= Instructions to follow =
Below is a block of entries; repeat exactly the lines starting at the line that contains "imports Defs" and ending at the line that contains "gives |v_i'(s)| \<le>", both included.

——

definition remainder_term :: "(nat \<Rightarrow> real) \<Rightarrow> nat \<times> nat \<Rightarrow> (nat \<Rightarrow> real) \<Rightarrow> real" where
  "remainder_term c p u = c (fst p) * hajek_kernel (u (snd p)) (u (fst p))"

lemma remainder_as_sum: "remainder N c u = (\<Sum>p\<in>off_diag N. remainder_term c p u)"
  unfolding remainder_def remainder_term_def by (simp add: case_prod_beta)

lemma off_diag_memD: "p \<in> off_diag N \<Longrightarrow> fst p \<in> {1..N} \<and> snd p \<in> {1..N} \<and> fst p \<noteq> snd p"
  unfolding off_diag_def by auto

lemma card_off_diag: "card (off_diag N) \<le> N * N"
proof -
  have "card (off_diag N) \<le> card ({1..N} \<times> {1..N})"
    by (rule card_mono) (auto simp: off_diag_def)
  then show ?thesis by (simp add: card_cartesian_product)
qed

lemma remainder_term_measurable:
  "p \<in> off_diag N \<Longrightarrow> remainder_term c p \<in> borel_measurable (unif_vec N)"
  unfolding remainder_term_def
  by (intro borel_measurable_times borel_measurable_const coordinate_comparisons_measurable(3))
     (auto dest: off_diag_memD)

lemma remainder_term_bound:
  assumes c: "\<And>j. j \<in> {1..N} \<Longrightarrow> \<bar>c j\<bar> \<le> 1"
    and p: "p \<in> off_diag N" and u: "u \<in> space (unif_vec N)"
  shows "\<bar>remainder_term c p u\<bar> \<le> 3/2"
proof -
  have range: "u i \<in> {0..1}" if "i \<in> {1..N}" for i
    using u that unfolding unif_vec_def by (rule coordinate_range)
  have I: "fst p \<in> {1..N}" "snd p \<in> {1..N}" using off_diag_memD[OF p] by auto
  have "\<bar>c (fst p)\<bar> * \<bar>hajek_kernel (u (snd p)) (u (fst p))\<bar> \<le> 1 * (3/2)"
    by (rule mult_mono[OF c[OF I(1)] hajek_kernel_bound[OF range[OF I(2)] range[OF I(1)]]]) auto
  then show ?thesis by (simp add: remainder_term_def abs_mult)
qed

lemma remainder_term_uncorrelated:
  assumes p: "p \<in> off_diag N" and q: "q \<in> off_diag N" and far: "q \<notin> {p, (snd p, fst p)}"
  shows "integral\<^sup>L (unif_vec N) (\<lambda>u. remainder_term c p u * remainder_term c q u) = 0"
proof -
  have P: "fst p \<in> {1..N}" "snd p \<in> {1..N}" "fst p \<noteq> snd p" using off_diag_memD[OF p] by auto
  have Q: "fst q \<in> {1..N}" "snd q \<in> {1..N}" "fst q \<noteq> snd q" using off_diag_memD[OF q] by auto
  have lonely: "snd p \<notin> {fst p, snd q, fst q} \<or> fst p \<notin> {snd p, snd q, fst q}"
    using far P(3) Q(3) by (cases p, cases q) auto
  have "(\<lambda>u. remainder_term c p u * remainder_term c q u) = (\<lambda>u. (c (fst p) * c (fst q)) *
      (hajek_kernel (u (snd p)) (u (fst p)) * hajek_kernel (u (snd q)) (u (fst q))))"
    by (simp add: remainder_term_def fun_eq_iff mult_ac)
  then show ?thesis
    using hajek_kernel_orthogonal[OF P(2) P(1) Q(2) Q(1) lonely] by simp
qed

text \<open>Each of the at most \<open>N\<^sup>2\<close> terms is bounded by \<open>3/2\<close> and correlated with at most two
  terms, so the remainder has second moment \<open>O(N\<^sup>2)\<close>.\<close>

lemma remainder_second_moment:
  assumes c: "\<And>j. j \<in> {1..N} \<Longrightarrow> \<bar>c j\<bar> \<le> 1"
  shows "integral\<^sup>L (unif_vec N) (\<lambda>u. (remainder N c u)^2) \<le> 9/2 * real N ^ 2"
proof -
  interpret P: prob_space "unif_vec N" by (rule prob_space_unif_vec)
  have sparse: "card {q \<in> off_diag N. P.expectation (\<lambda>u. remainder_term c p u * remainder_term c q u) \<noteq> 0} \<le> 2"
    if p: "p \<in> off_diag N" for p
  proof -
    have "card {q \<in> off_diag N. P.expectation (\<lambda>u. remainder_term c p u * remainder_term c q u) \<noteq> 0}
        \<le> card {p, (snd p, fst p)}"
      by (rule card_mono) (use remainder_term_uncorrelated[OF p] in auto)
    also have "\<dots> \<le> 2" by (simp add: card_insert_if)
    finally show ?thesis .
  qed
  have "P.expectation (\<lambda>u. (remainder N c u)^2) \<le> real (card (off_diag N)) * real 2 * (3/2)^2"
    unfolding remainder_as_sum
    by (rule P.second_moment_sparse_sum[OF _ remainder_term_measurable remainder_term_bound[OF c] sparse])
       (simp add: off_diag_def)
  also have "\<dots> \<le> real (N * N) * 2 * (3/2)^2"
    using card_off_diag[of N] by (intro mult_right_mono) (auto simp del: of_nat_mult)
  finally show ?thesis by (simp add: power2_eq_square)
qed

——

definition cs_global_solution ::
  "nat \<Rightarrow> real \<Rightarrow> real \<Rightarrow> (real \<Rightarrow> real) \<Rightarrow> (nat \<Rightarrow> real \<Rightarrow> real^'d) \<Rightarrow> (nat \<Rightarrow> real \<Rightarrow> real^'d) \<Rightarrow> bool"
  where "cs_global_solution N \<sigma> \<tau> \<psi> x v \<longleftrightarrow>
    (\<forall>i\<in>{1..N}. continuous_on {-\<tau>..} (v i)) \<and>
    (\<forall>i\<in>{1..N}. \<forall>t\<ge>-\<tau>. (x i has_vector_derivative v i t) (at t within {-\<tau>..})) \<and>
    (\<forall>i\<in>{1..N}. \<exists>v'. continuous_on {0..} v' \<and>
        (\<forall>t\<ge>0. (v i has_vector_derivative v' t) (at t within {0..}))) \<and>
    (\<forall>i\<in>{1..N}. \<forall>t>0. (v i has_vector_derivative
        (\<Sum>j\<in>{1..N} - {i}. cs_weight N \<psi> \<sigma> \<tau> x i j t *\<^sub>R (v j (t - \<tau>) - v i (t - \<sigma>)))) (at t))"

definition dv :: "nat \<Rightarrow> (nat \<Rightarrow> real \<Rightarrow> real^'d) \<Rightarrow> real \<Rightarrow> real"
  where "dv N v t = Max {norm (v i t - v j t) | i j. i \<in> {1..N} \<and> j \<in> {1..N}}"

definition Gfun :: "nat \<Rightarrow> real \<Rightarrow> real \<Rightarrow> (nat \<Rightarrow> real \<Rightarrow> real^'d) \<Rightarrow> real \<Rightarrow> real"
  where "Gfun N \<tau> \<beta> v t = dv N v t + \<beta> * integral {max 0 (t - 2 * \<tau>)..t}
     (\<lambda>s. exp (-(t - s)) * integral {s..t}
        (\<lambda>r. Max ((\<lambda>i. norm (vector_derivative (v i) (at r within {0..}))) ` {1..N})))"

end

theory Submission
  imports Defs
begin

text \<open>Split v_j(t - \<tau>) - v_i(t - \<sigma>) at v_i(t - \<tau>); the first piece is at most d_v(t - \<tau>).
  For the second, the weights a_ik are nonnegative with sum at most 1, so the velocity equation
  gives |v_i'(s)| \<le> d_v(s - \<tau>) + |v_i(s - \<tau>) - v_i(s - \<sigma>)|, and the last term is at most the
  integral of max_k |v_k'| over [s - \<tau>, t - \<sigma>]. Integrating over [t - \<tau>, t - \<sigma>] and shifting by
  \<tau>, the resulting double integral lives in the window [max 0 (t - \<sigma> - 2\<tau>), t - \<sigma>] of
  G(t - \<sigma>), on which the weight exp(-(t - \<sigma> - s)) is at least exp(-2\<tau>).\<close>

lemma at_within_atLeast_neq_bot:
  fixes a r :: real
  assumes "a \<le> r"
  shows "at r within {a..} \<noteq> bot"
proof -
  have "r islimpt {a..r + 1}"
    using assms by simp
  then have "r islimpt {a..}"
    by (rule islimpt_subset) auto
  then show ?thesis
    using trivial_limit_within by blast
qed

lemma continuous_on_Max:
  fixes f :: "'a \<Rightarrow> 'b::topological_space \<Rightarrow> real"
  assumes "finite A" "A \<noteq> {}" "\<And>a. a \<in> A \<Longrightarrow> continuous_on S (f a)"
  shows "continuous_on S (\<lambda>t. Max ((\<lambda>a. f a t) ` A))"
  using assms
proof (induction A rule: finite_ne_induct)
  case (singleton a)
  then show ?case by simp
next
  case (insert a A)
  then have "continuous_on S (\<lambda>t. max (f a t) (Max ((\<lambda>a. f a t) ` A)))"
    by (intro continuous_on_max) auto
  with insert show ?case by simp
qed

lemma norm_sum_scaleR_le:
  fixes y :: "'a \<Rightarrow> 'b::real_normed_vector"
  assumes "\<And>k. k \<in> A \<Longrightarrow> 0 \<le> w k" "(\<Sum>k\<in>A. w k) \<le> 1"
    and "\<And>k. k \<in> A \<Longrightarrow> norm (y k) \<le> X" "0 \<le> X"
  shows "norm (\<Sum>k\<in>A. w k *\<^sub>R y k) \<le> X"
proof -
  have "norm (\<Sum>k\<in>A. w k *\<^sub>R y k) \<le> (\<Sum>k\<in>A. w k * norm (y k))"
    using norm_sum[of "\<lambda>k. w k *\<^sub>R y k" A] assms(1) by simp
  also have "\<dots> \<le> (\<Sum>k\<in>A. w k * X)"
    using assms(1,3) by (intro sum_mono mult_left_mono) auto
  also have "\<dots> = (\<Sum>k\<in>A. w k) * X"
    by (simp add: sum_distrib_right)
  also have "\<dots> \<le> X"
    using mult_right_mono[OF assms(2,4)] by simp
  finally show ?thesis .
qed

——

= Written answer =
  imports Defs
begin

text \<open>Split v_j(t - \<tau>) - v_i(t - \<sigma>) at v_i(t - \<tau>); the first piece is at most d_v(t - \<tau>).
  For the second, the weights a_ik are nonnegative with sum at most 1, so the velocity equation
  gives |v_i'(s)| \<le> d_v(s - \<tau>) + |v_i(s - \<tau>) - v_i(s - \<sigma>)|, and the last term is at most the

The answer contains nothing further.